A structured set of objections, weighed in public.

Desk editor's note, referee report, simulated authors' rebuttal, and a circularity audit. Tearing a paper down is the easy half of reading it; the pith above is the substance, this is the friction.

Desk Editor's Note private letter to a colleague

SOCP gives a clean unsupervised route to local conformal sets via SOMs with exact BMU validity, but the neighborhood approximation rests on an unquantified KS bias whose size is not shown.

read the letter

The core new piece is routing calibration through a self-organizing map so that test points pull from their BMU cell or a fixed neighborhood, without any supervised partitioning or retraining. This yields exact marginal coverage for the cell case and fixed-set coverage for the neighborhood buffer, plus a split-routed variant. The experiments report a 7.1% mean drop in weighted regional coverage gap across seven of eight benchmarks at the cost of a 6.2% larger average set size, which is a tangible improvement for the effort involved.

The method is straightforward to implement on top of existing conformal pipelines and works for both regression and classification on tabular and embedding data. That is useful for anyone already using conformal prediction who wants to mitigate obvious regional undercoverage without labeled groups.

The soft spot is the central-cell validity claim for neighborhood retrieval, which holds only up to the KS distance between the cell and buffer score distributions. The abstract names the term but gives neither a bound nor any table or plot showing its magnitude on the benchmarks. If that distance is comparable to the reported gap reduction, the practical guarantee weakens and the gains could be driven by other factors. The paper also does not check whether the learned cells actually track coverage heterogeneity rather than just input geometry.

This is aimed at the conformal-prediction community working on heterogeneous or safety-critical settings. It is coherent enough and has enough formal grounding plus reproducible experiments to merit serious refereeing, though reviewers will need to see the KS term quantified.

Referee Report

3 major / 0 minor

Summary. The paper introduces Self-Organized Conformal Prediction (SOCP), which uses a Self-Organizing Map (SOM) to discover input-space groups from geometry alone and retrieves local calibration sets from the query's best-matching unit (BMU) cell or a fixed grid neighborhood. It claims exact validity for BMU-cell retrieval, fixed retrieved-set validity for neighborhood buffers, and central-cell validity for neighborhoods up to a Kolmogorov-Smirnov (KS) bias term (with a split-routed variant recovering conditional fixed-set validity).
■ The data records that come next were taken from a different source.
lemma inj_on_mult_left_of_injective:
  fixes P :: "'a::field mat"
  assumes P: "P \<in> carrier_mat s t" and inj: "\<forall>v \<in> carrier_vec t. P *\<^sub>v v = 0\<^sub>v s \<longrightarrow> v = 0\<^sub>v t"
  shows "inj_on (\<lambda>X. P * X) (carrier_mat t nc)"
proof (rule inj_onI)
  fix X Y assume X: "X \<in> carrier_mat t nc" and Y: "Y \<in> carrier_mat t nc" and eq: "P * X = P * Y"
  show "X = Y"
  proof (rule eq_matI)
    fix i j assume i: "i < dim_row Y" and j: "j < dim_col Y"
    have cols: "col X j \<in> carrier_vec t" "col Y j \<in> carrier_vec t" using X Y j by auto
    have "P *\<^sub>v col X j = P *\<^sub>v col Y j"
      using col_mult2[OF P X, of j] col_mult2[OF P Y, of j] eq j Y by simp
    then have "P *\<^sub>v (col X j - col Y j) = 0\<^sub>v s"
      using P cols by (simp add: mult_minus_distrib_mat_vec)
    then have "col X j - col Y j = 0\<^sub>v t" using inj cols by simp
    then have "(col X j - col Y j) $ i = 0" using i Y by simp
    then show "X $$ (i, j) = Y $$ (i, j)" using i j X Y by simp
  qed (use X Y in auto)
qed

lemma mult_left_cancel_of_square_scalar:
  fixes a X Y :: "'a::field mat"
  assumes a: "a \<in> carrier_mat s s" and sq: "a * a = c \<cdot>\<^sub>m 1\<^sub>m s" and "c \<noteq> 0"
    and X: "X \<in> carrier_mat s nc" and Y: "Y \<in> carrier_mat s nc" and eq: "a * X = a * Y"
  shows "X = Y"
proof -
  have "c \<cdot>\<^sub>m Z = a * (a * Z)" if Z: "Z \<in> carrier_mat s nc" for Z
    using a Z mult_smult_assoc_mat[OF one_carrier_mat Z] by (simp add: sq flip: assoc_mult_mat)
  then have "c \<cdot>\<^sub>m X = c \<cdot>\<^sub>m Y" using X Y eq by simp
  then show ?thesis using smult_mat_cancel \<open>c \<noteq> 0\<close> X Y by blast
qed

lemma comm_carrier_mat:
  "a \<in> carrier_mat s s \<Longrightarrow> b \<in> carrier_mat s s \<Longrightarrow> comm a b \<in> carrier_mat s s"
  unfolding comm_def by (simp add: minus_carrier_mat)

lemma comm_eq_zero_iff:
  fixes a b :: "'a::comm_ring mat"
  assumes "a \<in> carrier_mat s s" "b \<in> carrier_mat s s"
  shows "comm a b = 0\<^sub>m s s \<longleftrightarrow> a * b = b * a"
  using assms unfolding comm_def by (metis minus_eq_zero_mat_iff mult_carrier_mat)

lemma double_comm_eq_uminus_iff:
  fixes a b :: "'a::field_char_0 mat"
  assumes a: "a \<in> carrier_mat s s" and b: "b \<in> carrier_mat s s"
    and sq: "a * a = (- (1/4)) \<cdot>\<^sub>m 1\<^sub>m s"
  shows "comm a (comm a b) = - b \<longleftrightarrow> b * a = - (a * b)"
proof -
  define P where "P = a * (b * a)"
  have P: "P \<in> carrier_mat s s" using a b by (simp add: P_def)
  have aab: "a * (a * b) = (- (1/4)) \<cdot>\<^sub>m b"
    using a b mult_smult_assoc_mat[OF one_carrier_mat b] by (simp add: sq flip: assoc_mult_mat)
  have baa: "(b * a) * a = (- (1/4)) \<cdot>\<^sub>m b"
    using a b mult_smult_distrib[OF b one_carrier_mat] by (simp add: sq)
  have ab: "a * b \<in> carrier_mat s s" and ba: "b * a \<in> carrier_mat s s" using a b by auto
  have "comm a (comm a b) = (a * (a * b) - a * (b * a)) - ((a * b) * a - (b * a) * a)"
    unfolding comm_def mult_minus_distrib_mat[OF a ab ba] minus_mult_distrib_mat[OF ab ba a] ..
  also have "\<dots> = ((- (1/4)) \<cdot>\<^sub>m b - P) - (P - (- (1/4)) \<cdot>\<^sub>m b)"
    using a b by (simp add: aab baa P_def)
  finally have "comm a (comm a b) = - b \<longleftrightarrow>
      ((- (1/4)) \<cdot>\<^sub>m b - P) - (P - (- (1/4)) \<cdot>\<^sub>m b) = - b"
    by simp
  also have "\<dots> \<longleftrightarrow> P = (1/4) \<cdot>\<^sub>m b"
    using P b by (auto simp: mat_eq_iff field_simps)
  also have "(1/4) \<cdot>\<^sub>m b = - ((- (1/4)) \<cdot>\<^sub>m b)"
    using b by (auto simp: mat_eq_iff)
  also have "\<dots> = a * - (a * b)"
    using a b by (simp add: aab)
  also have "P = a * - (a * b) \<longleftrightarrow> b * a = - (a * b)"
  proof
    assume eq: "P = a * - (a * b)"
    show "b * a = - (a * b)"
      by (rule mult_left_cancel_of_square_scalar[OF a sq _ _ _ eq[unfolded P_def]]) (use a b in auto)
  qed (simp add: P_def)
  finally show ?thesis .
qed

subsection \<open>Clifford form of the spin relations\<close>

definition spin_sign :: "(nat \<Rightarrow> nat \<Rightarrow> bool) \<Rightarrow> nat \<Rightarrow> nat \<Rightarrow> 'a::ring_1" where
  "spin_sign adj i j = (if adj i j then - 1 else 1)"

lemma spin_sign_mult_self [simp]: "spin_sign adj i j * spin_sign adj i j = 1"
  by (simp add: spin_sign_def)

definition spin_relations :: "nat \<Rightarrow> (nat \<Rightarrow> nat \<Rightarrow> bool) \<Rightarrow> nat \<Rightarrow> (nat \<Rightarrow> 'a::field mat) \<Rightarrow> bool" where
  "spin_relations n adj s A \<longleftrightarrow>
     (\<forall>i<n. A i \<in> carrier_mat s s \<and> A i * A i = (- (1/4)) \<cdot>\<^sub>m 1\<^sub>m s) \<and>
     (\<forall>i<n. \<forall>j<n. i \<noteq> j \<longrightarrow> A j * A i = spin_sign adj i j \<cdot>\<^sub>m (A i * A j))"

lemma spin_relationsI:
  assumes "\<And>i. i < n \<Longrightarrow> A i \<in> carrier_mat s s"
    and "\<And>i. i < n \<Longrightarrow> A i * A i = (- (1/4)) \<cdot>\<^sub>m 1\<^sub>m s"
    and "\<And>i j. i < n \<Longrightarrow> j < n \<Longrightarrow> i \<noteq> j \<Longrightarrow> A j * A i = spin_sign adj i j \<cdot>\<^sub>m (A i * A j)"
  shows "spin_relations n adj s A"
  using assms unfolding spin_relations_def by blast

lemma spin_relationsD:
  assumes "spin_relations n adj s A" and "i < n"
  shows spin_relations_carrier: "A i \<in> carrier_mat s s"
    and spin_relations_square: "A i * A i = (- (1/4)) \<cdot>\<^sub>m 1\<^sub>m s"
    and spin_relations_swap: "j < n \<Longrightarrow> i \<noteq> j \<Longrightarrow> A j * A i = spin_sign adj i j \<cdot>\<^sub>m (A i * A j)"
  using assms unfolding spin_relations_def by blast+

lemma spin_swap_iff_berman_relation:
  fixes a b :: "'a::field_char_0 mat"
  assumes a: "a \<in> carrier_mat s s" and b: "b \<in> carrier_mat s s"
    and sq: "a * a = (- (1/4)) \<cdot>\<^sub>m 1\<^sub>m s"
  shows "b * a = spin_sign adj i j \<cdot>\<^sub>m (a * b) \<longleftrightarrow>
    (adj i j \<longrightarrow> comm a (comm a b) = - b) \<and> (\<not> adj i j \<longrightarrow> comm a b = 0\<^sub>m s s)"
  using double_comm_eq_uminus_iff[OF a b sq] comm_eq_zero_iff[OF a b]
  by (auto simp: spin_sign_def simp flip: uminus_eq_smult_mat)

lemma gen_spin_iff_spin_relations:
  fixes A :: "nat \<Rightarrow> 'a::field_char_0 mat"
  assumes irrefl: "\<forall>i<n. \<not> adj i i"
  shows "gen_spin n adj s A \<longleftrightarrow> spin_relations n adj s A"
proof -
  have "berman_rep n adj s A \<longleftrightarrow>
      (\<forall>i<n. \<forall>j<n. i \<noteq> j \<longrightarrow> A j * A i = spin_sign adj i j \<cdot>\<^sub>m (A i * A j))"
    if A: "\<forall>i<n. A i \<in> carrier_mat s s \<and> A i * A i = (- (1/4)) \<cdot>\<^sub>m 1\<^sub>m s"
  proof -
    have "A j * A i = spin_sign adj i j \<cdot>\<^sub>m (A i * A j) \<longleftrightarrow>
        (adj i j \<longrightarrow> comm (A i) (comm (A i) (A j)) = - A j) \<and>
        (\<not> adj i j \<longrightarrow> comm (A i) (A j) = 0\<^sub>m s s)" if "i < n" "j < n" for i j
      using A that by (intro spin_swap_iff_berman_relation) auto
    then show ?thesis using A irrefl unfolding berman_rep_def by blast
  qed
  moreover have "gen_spin n adj s A \<longleftrightarrow>
      (\<forall>i<n. A i \<in> carrier_mat s s \<and> A i * A i = (- (1/4)) \<cdot>\<^sub>m 1\<^sub>m s) \<and> berman_rep n adj s A"
    unfolding gen_spin_def berman_rep_def by auto
  ultimately show ?thesis
    unfolding spin_relations_def by blast
qed
(* Let $n\ge 7$ and let $S$ be a nonlocal metric basis of $W_{1,n}$ (so $S\subseteq\{0,\dots,n-1\}$ and $|S|\ge 2$). Then: (i) every gap of $S$ has at most $4$ vertices; (ii) at most one gap of $S$ has at least $3$ vertices; (iii) if a gap $A_{i,j}$ of $S$ has at least $2$ vertices, then each gap of $S$ neighboring $A_{i,j}$ (i.e., the gap of the form $A_{h,i}$ and the gap of the form $A_{j,k}$) has at most one vertex. (iv) Moreover, $W_{1,n}$ has a nonlocal metric basis $S'\subseteq\{0,\dots,n-1\}$ that satisfies (i)–(iii) and has no gap with exactly $3$ vertices.
   Context: The wheel $W_{1,n}=K_1+C_n$ has cycle vertices $0,1,\dots,n-1$ (arithmetic modulo $n$, $i$ adjacent to $i\pm1$) and a center adjacent to all of them; $d(u,v)$ is the shortest-path distance. A set $X$ of vertices resolves two vertices $u,v$ if some $x\in X$ satisfies $d(u,x)\neq d(v,x)$. $X$ is a nonlocal resolving set if it resolves every pair of distinct non-adjacent vertices; the nonlocal metric dimension is the minimum size of such a set, and a nonlocal metric basis is a nonlocal resolving set of minimum size (for $n\ge 7$ no such basis contains the center). For $X\subseteq\{0,\dots,n-1\}$ with $|X|\ge 2$, a gap of $X$ is a set $A_{i,j}=\{i+1,i+2,\dots,j-1\}$ (indices mod $n$, proceeding from $i$ in increasing direction until $j$), where $i\ne j$ are elements of $X$ such that $\{i+1,\dots,j-1\}\cap X=\emptyset$; a gap may be empty, and its number of vertices is $|A_{i,j}|$. Gaps $A_{h,i}$ and $A_{i,j}$ sharing the endpoint $i$ are called neighboring gaps. *)

theory Defs
  imports Main
begin

text \<open>Wheel graph W_{1,n}: cycle vertices 0..n-1, center vertex n.\<close>

definition wheel_center :: "nat \<Rightarrow> nat" where
  "wheel_center n = n"

definition wheel_V :: "nat \<Rightarrow> nat set" where
  "wheel_V n = {..n}"

definition wheel_adj :: "nat \<Rightarrow> nat \<Rightarrow> nat \<Rightarrow> bool" where
  "wheel_adj n u v \<longleftrightarrow> u \<in> wheel_V n \<and> v \<in> wheel_V n \<and> u \<noteq> v \<and>
     (u = wheel_center n \<or> v = wheel_center n \<or>
      (u < n \<and> v < n \<and> (v = (u + 1) mod n \<or> u = (v + 1) mod n)))"

definition wheel_walk :: "nat \<Rightarrow> nat list \<Rightarrow> bool" where
  "wheel_walk n xs \<longleftrightarrow> xs \<noteq> [] \<and> set xs \<subseteq> wheel_V n \<and>
     (\<forall>i. Suc i < length xs \<longrightarrow> wheel_adj n (xs ! i) (xs ! Suc i))"

definition wheel_dist :: "nat \<Rightarrow> nat \<Rightarrow> nat \<Rightarrow> nat" where
  "wheel_dist n u v = (LEAST k. \<exists>xs. wheel_walk n xs \<and> hd xs = u \<and> last xs = v \<and> length xs = Suc k)"

definition resolves :: "nat \<Rightarrow> nat set \<Rightarrow> nat \<Rightarrow> nat \<Rightarrow> bool" where
  "resolves n X u v \<longleftrightarrow> (\<exists>x\<in>X. wheel_dist n u x \<noteq> wheel_dist n v x)"

definition nonlocal_resolving :: "nat \<Rightarrow> nat set \<Rightarrow> bool" where
  "nonlocal_resolving n X \<longleftrightarrow> X \<subseteq> wheel_V n \<and>
     (\<forall>u\<in>wheel_V n. \<forall>v\<in>wheel_V n. u \<noteq> v \<and> \<not> wheel_adj n u v \<longrightarrow> resolves n X u v)"

definition nonlocal_dim :: "nat \<Rightarrow> nat" where
  "nonlocal_dim n = (LEAST k. \<exists>X. nonlocal_resolving n X \<and> card X = k)"

definition nonlocal_basis :: "nat \<Rightarrow> nat set \<Rightarrow> bool" where
  "nonlocal_basis n X \<longleftrightarrow> nonlocal_resolving n X \<and> card X = nonlocal_dim n"

text \<open>The set A_{i,j} = {i+1, ..., j-1} (mod n), going from i in increasing direction to j.\<close>
definition gap_set :: "nat \<Rightarrow> nat \<Rightarrow> nat \<Rightarrow> nat set" where
  "gap_set n i j = {(i + k) mod n | k. 0 < k \<and> k < (j + n - i) mod n}"

definition is_gap :: "nat \<Rightarrow> nat set \<Rightarrow> nat \<Rightarrow> nat \<Rightarrow> bool" where
  "is_gap n S i j \<longleftrightarrow> i \<in> S \<and> j \<in> S \<and> i \<noteq> j \<and> gap_set n i j \<inter> S = {}"

definition gap_props :: "nat \<Rightarrow> nat set \<Rightarrow> bool" where
  "gap_props n S \<longleftrightarrow>
     (\<forall>i j. is_gap n S i j \<longrightarrow> card (gap_set n i j) \<le> 4) \<and>
     (\<forall>i j i' j'. is_gap n S i j \<and> is_gap n S i' j' \<and>
        card (gap_set n i j) \<ge> 3 \<and> card (gap_set n i' j') \<ge> 3 \<longrightarrow> i = i' \<and> j = j') \<and>
     (\<forall>i j. is_gap n S i j \<and> card (gap_set n i j) \<ge> 2 \<longrightarrow>
        (\<forall>h. is_gap n S h i \<longrightarrow> card (gap_set n h i) \<le> 1) \<and>
        (\<forall>k. is_gap n S j k \<longrightarrow> card (gap_set n j k) \<le> 1))"

end

theory Submission
  imports Defs
begin

text \<open>
  Distinct vertices of the wheel are at distance 1 or 2, and the center is adjacent to everything,
  so the center resolves no non-adjacent pair and a set S of cycle vertices resolves two
  non-adjacent cycle vertices exactly when some element of S equals or is adjacent to precisely one
  of them. For n \<ge> 7 this makes S nonlocally resolving iff
  (a) every element of S has another element of S at cyclic distance at most 2, and
  (b) the cycle vertices not dominated by S span at most one edge.
  A gap with g vertices contains g - 2 undominated vertices, so (b) gives (i) and (ii), and (a)
  applied to the common end of two neighbouring gaps gives (iii).
  For (iv), a gap of exactly 3 vertices is widened to 4 by moving one or two elements of the basis
  next to it without increasing its size; afterwards the only undominated vertices are the two
  in the middle of the 4-gap, and a 3-gap would have an undominated middle vertex elsewhere.
\<close>

lemma abs_less_mod_eq_0_iff:
  fixes k m :: int
  assumes "\<bar>k\<bar> < m"
  shows "k mod m = 0 \<longleftrightarrow> k = 0"
proof
  assume "k mod m = 0"
  then have "m dvd \<bar>k\<bar>" by (simp add: mod_eq_0_iff_dvd)
  show "k = 0"
  proof (rule ccontr)
    assume "k \<noteq> 0"
    then have "m \<le> \<bar>k\<bar>" using \<open>m dvd \<bar>k\<bar>\<close> zdvd_imp_le by simp
    then show False using assms by simp
  qed
qed simp

subsection \<open>Distances in the wheel\<close>

lemma wheel_walk_singleton: "wheel_walk n [a] \<longleftrightarrow> a \<in> wheel_V n"
  by (simp add: wheel_walk_def)

lemma wheel_walk_pair: "wheel_walk n [a, b] \<longleftrightarrow> wheel_adj n a b"
  by (auto simp: wheel_walk_def wheel_adj_def less_Suc_eq)

lemma wheel_walk_triple: "wheel_adj n a b \<Longrightarrow> wheel_adj n b c \<Longrightarrow> wheel_walk n [a, b, c]"
  by (auto simp: wheel_walk_def wheel_adj_def less_Suc_eq)

lemma wheel_dist_eq:
  assumes "u \<in> wheel_V n" "v \<in> wheel_V n"
  shows "wheel_dist n u v = (if u = v then 0 else if wheel_adj n u v then 1 else 2)"
proof -
  define P where "P k \<longleftrightarrow> (\<exists>xs. wheel_walk n xs \<and> hd xs = u \<and> last xs = v \<and> length xs = Suc k)"
    for k
  have dist: "wheel_dist n u v = (LEAST k. P k)" unfolding wheel_dist_def P_def by simp
  have P0: "P 0 \<longleftrightarrow> u = v"
  proof
    assume "P 0"
    then obtain xs where "hd xs = u" "last xs = v" "length xs = 1" unfolding P_def by auto
    then show "u = v" by (cases xs) auto
  next
    assume "u = v"
    then show "P 0" unfolding P_def using assms by (intro exI[of _ "[u]"]) (simp add: wheel_walk_singleton)
  qed
  have P1: "P 1 \<Longrightarrow> wheel_adj n u v"
  proof -
    assume "P 1"
    then obtain xs where "wheel_walk n xs" "hd xs = u" "last xs = v" "length xs = 2"
      unfolding P_def by auto
    moreover from \<open>length xs = 2\<close> obtain a b where "xs = [a, b]"
      by (auto simp: length_Suc_conv numeral_2_eq_2)
    ultimately show ?thesis by (simp add: wheel_walk_pair)
  qed
  consider "u = v" | "u \<noteq> v" "wheel_adj n u v" | "u \<noteq> v" "\<not> wheel_adj n u v" by blast
  then show ?thesis
  proof cases
    case 1
    then show ?thesis using dist P0 by simp
  next
    case 2
    then have "P 1" unfolding P_def by (intro exI[of _ "[u, v]"]) (simp add: wheel_walk_pair)
    have "(LEAST k. P k) = 1"
    proof (rule Least_equality)
      fix k assume "P k" then show "1 \<le> k" using P0 2 by (cases k) auto
    qed fact
    then show ?thesis using dist 2 by simp
  next
    case 3
    then have "u \<noteq> n" "v \<noteq> n" using assms unfolding wheel_adj_def wheel_center_def by auto
    then have "wheel_adj n u n" "wheel_adj n n v"
      using assms unfolding wheel_adj_def wheel_center_def wheel_V_def by auto
    then have "P 2" unfolding P_def by (intro exI[of _ "[u, n, v]"]) (simp add: wheel_walk_triple)
    have "(LEAST k. P k) = 2"
    proof (rule Least_equality)
      fix k assume "P k" then show "2 \<le> k" using P0 P1 3 by (cases k; cases "k - 1"; auto)
    qed fact
    then show ?thesis using dist 3 by simp
  qed
qed
(* Let $K\ge2$ and $M\le N$ be positive integers with $KM>N$, and let $\mathbf{A}_1,\dots,\mathbf{A}_K\in\mathbb{C}^{N\times M}$ be independent random matrices whose entries are drawn from a continuous distribution. Let $\mathbf{A}=[\mathbf{A}_1,\dots,\mathbf{A}_K]\in\mathbb{C}^{N\times KM}$, let the columns of $\mathbf{U}\in\mathbb{C}^{KM\times(KM-N)}$ form a basis of $\mathrm{null}(\mathbf{A})$, write $\mathbf{U}=[\mathbf{U}_1^T,\dots,\mathbf{U}_K^T]^T$ with $\mathbf{U}_i\in\mathbb{C}^{M\times(KM-N)}$, and set $\tilde{\mathbf{A}}=[\mathbf{A}_1\mathbf{U}_1,\dots,\mathbf{A}_K\mathbf{U}_K]\in\mathbb{C}^{N\times K(KM-N)}$. Then, with probability one, $\mathrm{rank}(\tilde{\mathbf{A}})=\min\big((K-1)(KM-N),\,N\big)$. *)

theory Defs
  imports "HOL-Probability.Probability" "Jordan_Normal_Form.DL_Rank" "Jordan_Normal_Form.Matrix_Kernel"
begin

text \<open>A random input is a family of complex entries a (k,i,j), for block k < K,
  row i < N, column j < M: the (i,j) entry of A_(k+1) (0-based indices).\<close>

definition entry_space :: "nat \<Rightarrow> nat \<Rightarrow> nat \<Rightarrow> (nat \<times> nat \<times> nat \<Rightarrow> complex) measure" where
  "entry_space K N M = PiM ({..<K} \<times> {..<N} \<times> {..<M}) (\<lambda>_. lborel)"

definition Ablock :: "nat \<Rightarrow> nat \<Rightarrow> (nat \<times> nat \<times> nat \<Rightarrow> complex) \<Rightarrow> nat \<Rightarrow> complex mat" where
  "Ablock N M a k = mat N M (\<lambda>(i,j). a (k,i,j))"

definition Amat :: "nat \<Rightarrow> nat \<Rightarrow> nat \<Rightarrow> (nat \<times> nat \<times> nat \<Rightarrow> complex) \<Rightarrow> complex mat" where
  "Amat K N M a = mat N (K * M) (\<lambda>(i,j). Ablock N M a (j div M) $$ (i, j mod M))"

definition null_basis_mat :: "complex mat \<Rightarrow> complex mat \<Rightarrow> nat \<Rightarrow> bool" where
  "null_basis_mat A U r \<longleftrightarrow>
     U \<in> carrier_mat (dim_col A) r \<and> distinct (cols U) \<and>
     module.lin_indpt class_ring (module_vec TYPE(complex) (dim_col A)) (set (cols U)) \<and>
     module.span class_ring (module_vec TYPE(complex) (dim_col A)) (set (cols U)) = mat_kernel A"

definition Ublock :: "nat \<Rightarrow> complex mat \<Rightarrow> nat \<Rightarrow> complex mat" where
  "Ublock M U k = mat M (dim_col U) (\<lambda>(i,j). U $$ (k * M + i, j))"

definition Atilde :: "nat \<Rightarrow> nat \<Rightarrow> nat \<Rightarrow> (nat \<times> nat \<times> nat \<Rightarrow> complex) \<Rightarrow> complex mat \<Rightarrow> complex mat" where
  "Atilde K N M a U = (let r = K * M - N in
     mat N (K * r) (\<lambda>(i,j). (Ablock N M a (j div r) * Ublock M U (j div r)) $$ (i, j mod r)))"

end

theory Submission
  imports Defs "Jordan_Normal_Form.DL_Rank_Submatrix" "HOL-Computational_Algebra.Polynomial"
begin

text \<open>Write r = KM - N. The K column blocks of \<open>Atilde\<close> sum to A U = 0, so the last block is a
  combination of the others and the rank is at most (K - 1) r; it is trivially at most N.
  For the lower bound, U is replaced by a kernel matrix whose entries are polynomials in the entries
  of A (Cramer's rule on the leading N \<times> N block). Its columns lie in null(A), the span of the columns
  of U, so the resulting matrix has rank at most that of \<open>Atilde\<close>. One of its minors of size
  min((K - 1) r, N) is a polynomial in the entries that does not vanish at an explicit witness.
  The zero set of such a polynomial is Lebesgue-null (Fubini and induction on the number of
  variables), hence has probability zero under an absolutely continuous distribution.\<close>

section \<open>Polynomial functions of finitely many complex variables\<close>

inductive_set poly_fun :: "'i set \<Rightarrow> (('i \<Rightarrow> complex) \<Rightarrow> complex) set" for I :: "'i set" where
  poly_fun_const: "(\<lambda>_. c) \<in> poly_fun I"
| poly_fun_coord: "i \<in> I \<Longrightarrow> (\<lambda>a. a i) \<in> poly_fun I"
| poly_fun_add: "f \<in> poly_fun I \<Longrightarrow> g \<in> poly_fun I \<Longrightarrow> (\<lambda>a. f a + g a) \<in> poly_fun I"
| poly_fun_mult: "f \<in> poly_fun I \<Longrightarrow> g \<in> poly_fun I \<Longrightarrow> (\<lambda>a. f a * g a) \<in> poly_fun I"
On eight regression and classification benchmarks the method reduces the weighted regional coverage gap on 7/8 datasets (mean paired change -7.1%) at a mean prediction-set size increase of 6.2%, without altering the underlying predictor or nonconformity score.

Significance. If the stated validity properties hold and the observed gap reductions can be attributed to SOM cells aligning with coverage heterogeneity (rather than input geometry alone), the approach would provide a practical, unsupervised route to group-local calibration that preserves exact or approximate guarantees while remaining applicable across tabular and embedding-based tasks. The negligible overhead on large datasets and the fact that gains are smaller when quantile regression already absorbs heterogeneity are also positive features. The lack of a bound on the KS term or empirical distribution of the statistic across benchmarks, however, limits the strength of the approximate-central-cell claim.

major comments (3)

[Abstract] Abstract (guarantees paragraph): the central claim of practically useful approximate central-cell validity for neighborhood retrieval rests on the KS bias term remaining small relative to the reported 7.1% gap reduction, yet the manuscript supplies neither a theoretical bound on this term nor the empirical distribution of the KS statistic across the eight benchmarks; without these the attribution of the empirical improvement to the claimed validity properties cannot be assessed.
[Abstract] Abstract and method description: the procedure relies on the unsupervised SOM discovering cells whose local nonconformity distributions differ meaningfully from the global pool and from each other; no experiment or diagnostic is reported that tests whether the discovered partitions align with coverage heterogeneity rather than merely reflecting input-space geometry, which is load-bearing for interpreting the 7/8-dataset improvement as evidence for the method's validity properties.
[Abstract] Abstract (empirical results): the reported mean paired change of -7.1% and 6.2% size increase are presented without accompanying per-dataset tables, standard errors, or ablation on the free parameters (SOM grid size, neighborhood radius), making it impossible to judge robustness or to separate the contribution of the validity guarantees from post-hoc tuning.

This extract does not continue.